Life After Life After Life


(Main Street Vegan Academy, part 4.)

I was staying downtown (more on that tomorrow), so on Sunday afternoon I took a wander through the Trinity churchyard.


Every time I see an 18th-century grave marker I’m fascinated, again, by the phrase departed this life. I like to take the words out of their Christian context, and simply consider death as an onward journey. I can almost get excited when you frame it that way–as J.M. Barrie put it, “an awfully big adventure.”

One of the doors to Grace Church.

On the other hand, don’t we “depart this life” and begin another quite frequently throughout our lives? Coming back to New York often feels like peeping in on that version I was living twelve or fourteen years ago. I pass Grace Church on Broadway, and remember how I admired the view over the churchyard from the window of an NYU dorm room when I was visiting as a high school senior. I walk through Washington Square Park, and think back on all the conversations I’ve had there, all the interesting people who came in and out of my life.

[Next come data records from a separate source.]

(* Under the standing setting and assumptions (A1)–(A3) described in the context, assume $\mathcal A$ is polyhedral and represented by $\varphi_1,\dots,\varphi_m\in\mathcal X'_+$, and for $X\in\mathcal X$ set $I_{\mathcal A}(X)=\{i\in\{1,\dots,m\}: \varphi_i(X)=\sigma_{\mathcal A}(\varphi_i)\}$. Then the following are equivalent: (a) $|\mathcal R(X)|=1$ for every $X\in\mathcal X$; (b) $\ker(\pi)\cap\bigcap_{i\in I_{\mathcal A}(X)}\ker(\varphi_i)=\{0\}$ for every $X\in\partial\mathcal A\cap\partial(\mathcal A+\ker(\pi))$.
   Context: Let $\mathcal X$ be a Hausdorff, first countable, locally convex topological vector space over $\mathbb R$ with dual $\mathcal X'$, partially ordered by a partial order $\geq$ with positive cone $\mathcal X_+=\{X\in\mathcal X: X\geq 0\}$, and $\mathcal X'_+=\{\varphi\in\mathcal X':\varphi(X)\geq0\ \forall X\in\mathcal X_+\}$. Let $\mathcal M\subset\mathcal X$ be a vector subspace with $1<\dim\mathcal M<\infty$, carrying the relative topology, and let $\pi:\mathcal M\to\mathbb R$ be linear with $\ker(\pi)=\{Z\in\mathcal M:\pi(Z)=0\}$. Standing assumptions: (A1) there is $U\in\mathcal M\cap\mathcal X_+$ with $\pi(U)=1$; (A2) $\mathcal A\subsetneq\mathcal X$ is closed, contains $0$, and satisfies $\mathcal A+\mathcal X_+\subset\mathcal A$; (A3) the map $\rho(X)=\inf\{\pi(Z): Z\in\mathcal M,\ X+Z\in\mathcal A\}$ is finitely valued and continuous on $\mathcal X$. The optimal payoff map is $\mathcal R(X)=\{Z\in\mathcal M: X+Z\in\mathcal A,\ \pi(Z)=\rho(X)\}$; $|\cdot|$ is cardinality. The support function is $\sigma_{\mathcal A}(\varphi)=\inf_{X\in\mathcal A}\varphi(X)$. $\mathcal A$ is polyhedral and represented by $\varphi_1,\dots,\varphi_m$ if $\mathcal A=\bigcap_{i=1}^m\{X\in\mathcal X:\varphi_i(X)\geq\alpha_i\}$ for some $\alpha_i\in\mathbb R$ (equivalently, $\mathcal A=\bigcap_{i=1}^m\{X:\varphi_i(X)\geq\sigma_{\mathcal A}(\varphi_i)\}$). $\ker(\varphi_i)$ is the kernel of $\varphi_i$. $\partial$ denotes boundary in $\mathcal X$. *)

theory Defs
  imports "HOL-Analysis.Analysis"
begin
(* Let $\psi$ be a non-negative locally finite Borel measure on $\mathbb R^d$. If every (open) half-space of $\mathbb R^d$ has infinite $\psi$-measure, then all Voronoi territories with respect to $\psi$ are bounded. In particular, if $\Psi$ is a stationary random measure on $\mathbb R^d$ which is almost surely non-zero, then almost surely all Voronoi territories with respect to $\Psi_\omega$ are bounded.
   Context: $\overline B(x,r)$ denotes the closed ball. Voronoi density with respect to $\psi$ (with $\psi(\mathbb R^d)\ge 1$): for $x\in\mathbb R^d$ let $s(x)=\sup\{s\in\mathbb R:\psi(\overline B(x,s))\le1\}$ and $v(x,\xi)=1$ if $|x-\xi|<s(x)$, $v(x,\xi)=c$ if $|x-\xi|=s(x)$, $v(x,\xi)=0$ if $|x-\xi|>s(x)$, where $c\in[0,1]$ is such that $\int v(x,\xi)\psi(d\xi)=1$, with $c=1$ if $s(x)=\infty$ or $\psi(\partial\overline B(x,s(x)))=0$. The Voronoi territory of $\xi$ with respect to $\psi$ is $\{x:v(x,\xi)>0\}$. Random setup: measurable space $(\Omega,\mathcal F)$ with a measurable flow $(\theta_s)_{s\in\mathbb R^d}$ and probability $\mathbb P$; a random measure is a measurable $\Psi:\Omega\to M$ (non-negative locally finite Borel measures), stationary if $\mathbb P$ is invariant under all $\theta_s$ and $\Psi(\theta_s\omega)(B)=\Psi(\omega)(B+s)$ for all $s,\omega,B$. *)

theory Defs
  imports "HOL-Probability.Probability"
begin

definition locally_finite_borel :: "'a::euclidean_space measure \<Rightarrow> bool" where
  "locally_finite_borel \<psi> \<longleftrightarrow> sets \<psi> = sets borel \<and> (\<forall>K. compact K \<longrightarrow> emeasure \<psi> K < \<infinity>)"

definition voronoi_radius :: "'a::euclidean_space measure \<Rightarrow> 'a \<Rightarrow> ereal" where
  "voronoi_radius \<psi> x = Sup (ereal ` {s::real. emeasure \<psi> (cball x s) \<le> 1})"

(Some things thread themselves through, joining each chapter together: to the end of my life (the actual end), whenever I see hydrangeas, I will always think of my sister.)


Maybe it’s odd that I love graveyards as much as I do. Part of it is the romance and the gothic flavor and all that, but there’s a practical reason too. We need every reminder that our lives won’t last forever, that we must experience them as fully as we can—the highs and the lows, avoiding none of the messiness. Those colonial New Yorkers have had their turn; now it’s ours.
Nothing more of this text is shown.